## Task prompt
Exactly as written, copy the lines of the data below from the first through the one containing "proof (rule Cauchy_if_dist_power2_le)".

- Opening Delimiter -

lemma moreau_minimizing_sequence_Cauchy:
  assumes cv: "moreau_convex D F lam" and adm: "tau_adm lam \<tau>" and sD: "\<And>n. s n \<in> D"
    and lb: "\<And>v. v \<in> D \<Longrightarrow> m \<le> moreau F \<tau> w v"
    and s_min: "\<And>n. moreau F \<tau> w (s n) \<le> m + e n" and e: "e \<longlonglongrightarrow> 0"
  shows "Cauchy s"
proof (rule Cauchy_if_dist_power2_le)
  define \<mu> where "\<mu> = 1/\<tau> + lam"
  have \<mu>: "0 < \<mu>" using adm unfolding tau_adm_iff \<mu>_def by auto
  fix n k
  have "\<mu> * (dist (s n) (s k))^2 \<le> 4 * (moreau F \<tau> w (s n) - m) + 4 * (moreau F \<tau> w (s k) - m)"
    unfolding \<mu>_def by (intro moreau_midpoint_dist_le[OF cv adm sD sD] lb)
  then have "\<mu> * (dist (s n) (s k))^2 \<le> 4 * e n + 4 * e k"
    using s_min[of n] s_min[of k] by argo
  then show "(dist (s n) (s k))^2 \<le> 4 * e n / \<mu> + 4 * e k / \<mu>"
    using \<mu> by (simp add: field_simps)
next
  show "(\<lambda>n. 4 * e n / (1/\<tau> + lam)) \<longlonglongrightarrow> 0"
    by (intro tendsto_divide_zero tendsto_mult_right_zero e)
qed

lemma moreau_minimizer_exists_if_bounded_below:
  fixes D :: "'m::complete_space set"
  assumes cl: "closed_sublevels D F" and cv: "moreau_convex D F lam" and adm: "tau_adm lam \<tau>"
    and ne: "D \<noteq> {}" and bdd: "\<And>v. v \<in> D \<Longrightarrow> m0 \<le> moreau F \<tau> w v"
  shows "\<exists>u\<in>D. \<forall>v\<in>D. moreau F \<tau> w u \<le> moreau F \<tau> w v"
proof -
  define m where "m = Inf (moreau F \<tau> w ` D)"
  have \<tau>: "0 < \<tau>" using adm unfolding tau_adm_iff by simp
  have m_le: "m \<le> moreau F \<tau> w v" if "v \<in> D" for v
    unfolding m_def using bdd that by (intro cInf_lower bdd_belowI2) auto
  have "\<exists>v\<in>D. moreau F \<tau> w v \<le> m + inverse (real (Suc n))" for n
  proof (rule ccontr)
    assume "\<not> ?thesis"
    then have "m + inverse (real (Suc n)) \<le> m"
      unfolding m_def using ne by (intro cInf_greatest) (auto simp: not_le less_imp_le)
    then show False by simp
  qed
  then obtain s where sD: "\<And>n. s n \<in> D"
    and s_min: "\<And>n. moreau F \<tau> w (s n) \<le> m + inverse (real (Suc n))"
    by metis
  have "Cauchy s"
    by (rule moreau_minimizing_sequence_Cauchy[OF cv adm sD m_le s_min LIMSEQ_inverse_real_of_nat])
  then obtain u where su: "s \<longlonglongrightarrow> u" using Cauchy_convergent convergent_def by blast
  have "(\<lambda>n. (dist (s n) w)^2/(2*\<tau>) - inverse (real (Suc n))) \<longlonglongrightarrow> (dist u w)^2/(2*\<tau>) - 0"
    using \<tau> by (intro tendsto_intros su LIMSEQ_inverse_real_of_nat) simp
  moreover have "\<forall>\<^sub>F n in sequentially. F (s n) + ((dist (s n) w)^2/(2*\<tau>) - inverse (real (Suc n))) \<le> m"
    using s_min by (intro always_eventually allI) (simp add: algebra_simps)
  ultimately have "u \<in> D \<and> moreau F \<tau> w u \<le> m"
    using closed_sublevels_limit[OF cl sD su] by simp
  then show ?thesis using m_le by (blast intro: order_trans)
qed

lemma moreau_bounded_below_if_quadratic_bound:
  assumes adm: "tau_adm lam \<tau>"
    and lb: "\<And>v. v \<in> D \<Longrightarrow> C - k * dist u v + lam/2 * (dist u v)^2 \<le> F v"
  shows "\<exists>m. \<forall>v\<in>D. m \<le> moreau F \<tau> w v"
proof -
  define \<mu> where "\<mu> = 1/\<tau> + lam"
  define b where "b = dist u w"
  define K where "K = k + b/\<tau>"
  have \<tau>: "0 < \<tau>" "0 < \<mu>" using adm unfolding tau_adm_iff \<mu>_def by auto
  have "C + b^2/(2*\<tau>) - K^2/(2*\<mu>) \<le> moreau F \<tau> w v" if v: "v \<in> D" for v
  proof -
    define e where "e = dist u v"
    have "\<bar>e - b\<bar> \<le> dist v w"
      unfolding e_def b_def using dist_triangle[of u v w] dist_triangle[of u w v]
      by (simp add: dist_commute abs_le_iff)
    then have "(e - b)^2 \<le> (dist v w)^2"
      by (metis abs_ge_zero power2_abs power_mono)
    then have "(e - b)^2/(2*\<tau>) \<le> (dist v w)^2/(2*\<tau>)" using \<tau> by (simp add: divide_right_mono)
    moreover have "C - k * e + lam/2 * e^2 + (e - b)^2/(2*\<tau>) = C + b^2/(2*\<tau>) + (\<mu>/2 * e^2 - K * e)"
      unfolding \<mu>_def K_def using \<tau> by (simp add: field_simps power2_eq_square)
    moreover have "0 \<le> (\<mu> * e - K)^2 / (2*\<mu>)" using \<tau> by simp
    moreover have "(\<mu> * e - K)^2 / (2*\<mu>) = \<mu>/2 * e^2 - K * e + K^2/(2*\<mu>)"
      using \<tau> by (simp add: field_simps power2_eq_square)
    ultimately show ?thesis using lb[OF v] unfolding e_def by linarith
  qed
  then show ?thesis by blast
qed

- Closing Delimiter -

## Answer to this task
lemma moreau_minimizing_sequence_Cauchy:
  assumes cv: "moreau_convex D F lam" and adm: "tau_adm lam \<tau>" and sD: "\<And>n. s n \<in> D"
    and lb: "\<And>v. v \<in> D \<Longrightarrow> m \<le> moreau F \<tau> w v"
    and s_min: "\<And>n. moreau F \<tau> w (s n) \<le> m + e n" and e: "e \<longlonglongrightarrow> 0"
  shows "Cauchy s"
proof (rule Cauchy_if_dist_power2_le)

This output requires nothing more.